Problem requirements: Find every line with the string "leaves" in the material below and copy it.

Supplied data:
text \<open>wmor r t w X Z m: the word w (written as composition l1 l2 ... ln, ln applied first)
  is realised as a defined morphism m from X to Z (for some choice of dotted symbols).\<close>
inductive wmor :: "nat \<Rightarrow> nat \<Rightarrow> letter list \<Rightarrow> int list \<Rightarrow> int list \<Rightarrow> tm \<Rightarrow> bool"
  for r t where
  wnil: "X \<in> Seq r t \<Longrightarrow> wmor r t [] X X (Idm X)"
| wcons: "wmor r t w X Y m \<Longrightarrow> step (r + t) l Y Z g \<Longrightarrow> wmor r t (l # w) X Z (Comp g m)"

definition monrel :: "nat \<Rightarrow> nat \<Rightarrow> letter list \<Rightarrow> letter list \<Rightarrow> tm \<Rightarrow> tm \<Rightarrow> bool" where
  "monrel r t w1 w2 m1 m2 = (\<exists>X Z. wmor r t w1 X Z m1 \<and> wmor r t w2 X Z m2)"

text \<open>The monomial relations (1),(2),(5),(6), as pairs of words (all dotted choices).\<close>
inductive monpair :: "letter list \<Rightarrow> letter list \<Rightarrow> bool" where
  r1:  "monpair [LS i, LS i] []"
| r2a: "i + 1 < j \<or> j + 1 < i \<Longrightarrow> monpair [LS i, LS j] [LS j, LS i]"
| r2b: "monpair [LS i, LS (i + 1), LS i] [LS (i + 1), LS i, LS (i + 1)]"
| r2c: "j \<noteq> i \<Longrightarrow> j \<noteq> i + 1 \<Longrightarrow> monpair [LS i, LY j] [LY j, LS i]"
| r5a: "i + 1 < j \<or> j + 1 < i \<Longrightarrow> monpair [LS i, LE j] [LE j, LS i]"
| r5b: "i + 1 < j \<or> j + 1 < i \<Longrightarrow> monpair [LE i, LE j] [LE j, LE i]"
| r5c: "j \<noteq> i \<Longrightarrow> j \<noteq> i + 1 \<Longrightarrow> monpair [LE i, LY j] [LY j, LE i]"
| r5d: "monpair [LY i, LY j] [LY j, LY i]"
| r6a: "monpair [LSH i, LE i] [LE i]"
| r6b: "monpair [LE i] [LE i, LSH i]"
| r6c: "monpair [LS i, LE (i + 1), LE i] [LS (i + 1), LE i]"
| r6d: "monpair [LE i, LE (i + 1), LS i] [LE i, LS (i + 1)]"
| r6e: "monpair [LE (i + 1), LE i, LS (i + 1)] [LE (i + 1), LS i]"
| r6f: "monpair [LS (i + 1), LE i, LE (i + 1)] [LS i, LE (i + 1)]"
| r6g: "monpair [LE (i + 1), LE i, LE (i + 1)] [LE (i + 1)]"
| r6h: "monpair [LE i, LE (i + 1), LE i] [LE i]"

fun ypow :: "int list \<Rightarrow> nat \<Rightarrow> nat \<Rightarrow> tm" where
  "ypow A i 0 = Idm A"
| "ypow A i (Suc k) = Comp (Yg A i) (ypow A i k)"

inductive veq :: "nat \<Rightarrow> nat \<Rightarrow> (nat \<Rightarrow> complex) \<Rightarrow> tm \<Rightarrow> tm \<Rightarrow> bool"
  for r t \<omega> where
  refl: "veq r t \<omega> x x"
| sym: "veq r t \<omega> x y \<Longrightarrow> veq r t \<omega> y x"
| trans: "veq r t \<omega> x y \<Longrightarrow> veq r t \<omega> y z \<Longrightarrow> veq r t \<omega> x z"
| cong_comp: "veq r t \<omega> x x' \<Longrightarrow> veq r t \<omega> y y' \<Longrightarrow> veq r t \<omega> (Comp x y) (Comp x' y')"
| cong_add: "veq r t \<omega> x x' \<Longrightarrow> veq r t \<omega> y y' \<Longrightarrow> veq r t \<omega> (Add x y) (Add x' y')"
| cong_smul: "veq r t \<omega> x x' \<Longrightarrow> veq r t \<omega> (Smul c x) (Smul c x')"
| add_assoc: "veq r t \<omega> (Add (Add x y) z) (Add x (Add y z))"
| add_comm: "veq r t \<omega> (Add x y) (Add y x)"
| add_zero: "veq r t \<omega> (Add x Zer) x"
| add_neg: "veq r t \<omega> (Add x (Smul (-1) x)) Zer"
| smul_add: "veq r t \<omega> (Smul c (Add x y)) (Add (Smul c x) (Smul c y))"
| add_smul: "veq r t \<omega> (Smul (c + d) x) (Add (Smul c x) (Smul d x))"
| smul_smul: "veq r t \<omega> (Smul c (Smul d x)) (Smul (c * d) x)"
| smul_one: "veq r t \<omega> (Smul 1 x) x"
| comp_assoc: "veq r t \<omega> (Comp (Comp x y) z) (Comp x (Comp y z))"
| comp_addR: "veq r t \<omega> (Comp x (Add y z)) (Add (Comp x y) (Comp x z))"
| comp_addL: "veq r t \<omega> (Comp (Add x y) z) (Add (Comp x z) (Comp y z))"
| comp_smulR: "veq r t \<omega> (Comp x (Smul c y)) (Smul c (Comp x y))"
| comp_smulL: "veq r t \<omega> (Comp (Smul c x) y) (Smul c (Comp x y))"
| bad_gen: "\<not> gen_ok r t g \<Longrightarrow> veq r t \<omega> g Zer"
| id_idem: "veq r t \<omega> (Comp (Idm A) (Idm A)) (Idm A)"
| id_orth: "A \<noteq> B \<Longrightarrow> veq r t \<omega> (Comp (Idm A) (Idm B)) Zer"
| src_S: "veq r t \<omega> (Sg A i) (Comp (Idm A) (Comp (Sg A i) (Idm A)))"
| src_E: "veq r t \<omega> (Eg A i) (Comp (Idm A) (Comp (Eg A i) (Idm A)))"
| src_Y: "veq r t \<omega> (Yg A i) (Comp (Idm A) (Comp (Yg A i) (Idm A)))"
| src_SH: "veq r t \<omega> (SHg A i) (Comp (Idm (swp i A)) (Comp (SHg A i) (Idm A)))"
| src_EH: "veq r t \<omega> (EHg A i) (Comp (Idm (swp i A)) (Comp (EHg A i) (Idm A)))"
| mon: "monpair w1 w2 \<Longrightarrow> monrel r t w1 w2 m1 m2 \<Longrightarrow> veq r t \<omega> m1 m2"
| rel3: "gen_ok r t (Eg A i) \<Longrightarrow> veq r t \<omega> (Comp (Eg A i) (Eg A i)) (Smul (\<omega> 0) (Eg A i))"
| rel4: "A \<in> Seq r t \<Longrightarrow> 2 \<le> r + t \<Longrightarrow> A ! 0 = 1 \<Longrightarrow> A ! 1 = -1 \<Longrightarrow>
     veq r t \<omega> (Comp (Eg A 1) (Comp (ypow A 1 k) (Eg A 1))) (Smul (\<omega> k) (Eg A 1))"
| rel7a: "gen_ok r t (Sg A i) \<Longrightarrow>
     veq r t \<omega> (Add (Comp (Sg A i) (Yg A i)) (Smul (-1) (Comp (Yg A (i + 1)) (Sg A i))))
               (Smul (-1) (Idm A))"
| rel7b: "gen_ok r t (Sg A i) \<Longrightarrow>
     veq r t \<omega> (Add (Comp (Sg A i) (Yg A (i + 1))) (Smul (-1) (Comp (Yg A i) (Sg A i))))
               (Idm A)"
| rel7c: "gen_ok r t (SHg A i) \<Longrightarrow>
     veq r t \<omega> (Add (Comp (SHg A i) (Yg A i)) (Smul (-1) (Comp (Yg (swp i A) (i + 1)) (SHg A i))))
               (EHg A i)"
| rel7d: "gen_ok r t (SHg A i) \<Longrightarrow>
     veq r t \<omega> (Add (Comp (SHg A i) (Yg A (i + 1))) (Smul (-1) (Comp (Yg (swp i A) i) (SHg A i))))
               (Smul (-1) (EHg A i))"
| rel8a: "gen_ok r t (Eg A i) \<Longrightarrow> veq r t \<omega> (Comp (Eg A i) (Add (Yg A i) (Yg A (i + 1)))) Zer"
| rel8b: "gen_ok r t (Eg A i) \<Longrightarrow> veq r t \<omega> (Comp (Add (Yg A i) (Yg A (i + 1))) (Eg A i)) Zer"
| rel8c: "gen_ok r t (EHg A i) \<Longrightarrow> veq r t \<omega> (Comp (EHg A i) (Add (Yg A i) (Yg A (i + 1)))) Zer"
| rel8d: "gen_ok r t (EHg A i) \<Longrightarrow>
     veq r t \<omega> (Comp (Add (Yg (swp i A) i) (Yg (swp i A) (i + 1))) (EHg A i)) Zer"

text \<open>Polynomials in y_1, y_2, ...: a list of (coefficient, exponent list), where the
  exponent list [k1, k2, ...] stands for y_1^k1 y_2^k2 ...  Evaluation as endomorphism of A.\<close>
fun monoterm :: "int list \<Rightarrow> nat \<Rightarrow> nat list \<Rightarrow> tm" where
  "monoterm A j [] = Idm A"
| "monoterm A j (k # ks) = Comp (ypow A j k) (monoterm A (Suc j) ks)"

fun peval :: "int list \<Rightarrow> (complex \<times> nat list) list \<Rightarrow> tm" where
  "peval A [] = Zer"
| "peval A ((c, e) # ps) = Add (Smul c (monoterm A 1 e)) (peval A ps)"

end

theory Submission
  imports Defs "HOL-Library.Multiset"
begin

text \<open>
  For a cap e_i (that is, a_i \<noteq> a_(i+1)) one shows, by induction on i and then on k, that the
  bubble e_i y_i^k e_i equals P e_i for a polynomial P in y_1, ..., y_(i-1) depending only on
  (a_1, ..., a_i).  For i = 1 and a_1 = 1 this is relation (4).  If also a_(i-1) \<noteq> a_i, then
  T = hat-s_i s_(i-1) hat-s_i is an involution with e_i e_(i-1) = T e_(i-1), e_(i-1) e_i = e_(i-1) T
  and T y_i T = y_i - e_i + e_(i-1); together with e_i = e_i e_(i-1) e_i this gives
    e_i y_i^k e_i = e_i e_(i-1) (y_i - e_i + e_(i-1))^k e_(i-1) e_i,
  and expanding the power with the help of e_j y_(j+1) = - e_j y_j leaves only bubbles
  e_(i-1) y_(i-1)^m e_(i-1) and e_i y_i^m e_i with m < k.  In the remaining cases (a_1 = -1, or
  a_(i-1) = a_i) conjugation by hat-s_i turns e_i into the cap e_i of s_i A, which is of one of the
  previous kinds, and y_i into y_(i+1) + e_i; expanding (y_(i+1) + e_i)^k again leaves only
  bubbles of s_i A.
\<close>

section \<open>The morphisms of VB_(r,t)(\<omega>) as a ring\<close>

text \<open>A quotient type cannot depend on \<open>(r, t, \<omega>)\<close>, so all path algebras are packed into one
  ring: its elements are families of terms indexed by the parameters, modulo \<open>veq\<close> in each
  component.\<close>

type_synonym vb_param = "nat \<times> nat \<times> (nat \<Rightarrow> complex)"

definition vb_equiv :: "(vb_param \<Rightarrow> tm) \<Rightarrow> (vb_param \<Rightarrow> tm) \<Rightarrow> bool" where
  "vb_equiv f g \<longleftrightarrow> (\<forall>r t \<omega>. veq r t \<omega> (f (r, t, \<omega>)) (g (r, t, \<omega>)))"

lemma equivp_vb_equiv: "equivp vb_equiv"
  unfolding vb_equiv_def
  by (rule equivpI; unfold reflp_def symp_def transp_def; meson veq.refl veq.sym veq.trans)

quotient_type vbalg = "vb_param \<Rightarrow> tm" / vb_equiv
  by (rule equivp_vb_equiv)

instantiation vbalg :: ring
begin

lift_definition zero_vbalg :: vbalg is "\<lambda>p. Zer" .

lift_definition plus_vbalg :: "vbalg \<Rightarrow> vbalg \<Rightarrow> vbalg" is "\<lambda>f g p. Add (f p) (g p)"
  by (auto simp: vb_equiv_def intro: veq.cong_add)

lift_definition uminus_vbalg :: "vbalg \<Rightarrow> vbalg" is "\<lambda>f p. Smul (-1) (f p)"
  by (auto simp: vb_equiv_def intro: veq.cong_smul)

lift_definition minus_vbalg :: "vbalg \<Rightarrow> vbalg \<Rightarrow> vbalg" is "\<lambda>f g p. Add (f p) (Smul (-1) (g p))"
  by (auto simp: vb_equiv_def intro!: veq.cong_add veq.cong_smul)

lift_definition times_vbalg :: "vbalg \<Rightarrow> vbalg \<Rightarrow> vbalg" is "\<lambda>f g p. Comp (f p) (g p)"
  by (auto simp: vb_equiv_def intro: veq.cong_comp)

instance
proof
  fix a b c :: vbalg
  show "a + b + c = a + (b + c)" by transfer (auto simp: vb_equiv_def intro: veq.add_assoc)
  show "a + b = b + a" by transfer (auto simp: vb_equiv_def intro: veq.add_comm)
  show "0 + a = a"
    by transfer (auto simp: vb_equiv_def intro: veq.trans[OF veq.add_comm veq.add_zero])
  show "- a + a = 0"
    by transfer (auto simp: vb_equiv_def intro: veq.trans[OF veq.add_comm veq.add_neg])
  show "a - b = a + - b" by transfer (auto simp: vb_equiv_def intro: veq.refl)
  show "a * b * c = a * (b * c)" by transfer (auto simp: vb_equiv_def intro: veq.comp_assoc)
  show "(a + b) * c = a * c + b * c" by transfer (auto simp: vb_equiv_def intro: veq.comp_addL)
  show "a * (b + c) = a * b + a * c" by transfer (auto simp: vb_equiv_def intro: veq.comp_addR)
qed

end

lift_definition cscale :: "complex \<Rightarrow> vbalg \<Rightarrow> vbalg" is "\<lambda>c f p. Smul c (f p)"
  by (auto simp: vb_equiv_def intro: veq.cong_smul)

interpretation cscale: module cscale
  by standard (transfer; auto simp: vb_equiv_def
      intro: veq.smul_add veq.add_smul veq.smul_smul veq.smul_one)+

lemma cscale_mult_left: "cscale c a * b = cscale c (a * b)"
  by transfer (auto simp: vb_equiv_def intro: veq.comp_smulL)

lemma cscale_mult_right: "a * cscale c b = cscale c (a * b)"
  by transfer (auto simp: vb_equiv_def intro: veq.comp_smulR)

definition vb_class :: "nat \<Rightarrow> nat \<Rightarrow> (nat \<Rightarrow> complex) \<Rightarrow> tm \<Rightarrow> vbalg" where
  "vb_class r t \<omega> x = abs_vbalg (\<lambda>p. if p = (r, t, \<omega>) then x else Zer)"

declare veq.trans [trans]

Written solution:
  and expanding the power with the help of e_j y_(j+1) = - e_j y_j leaves only bubbles
  previous kinds, and y_i into y_(i+1) + e_i; expanding (y_(i+1) + e_i)^k again leaves only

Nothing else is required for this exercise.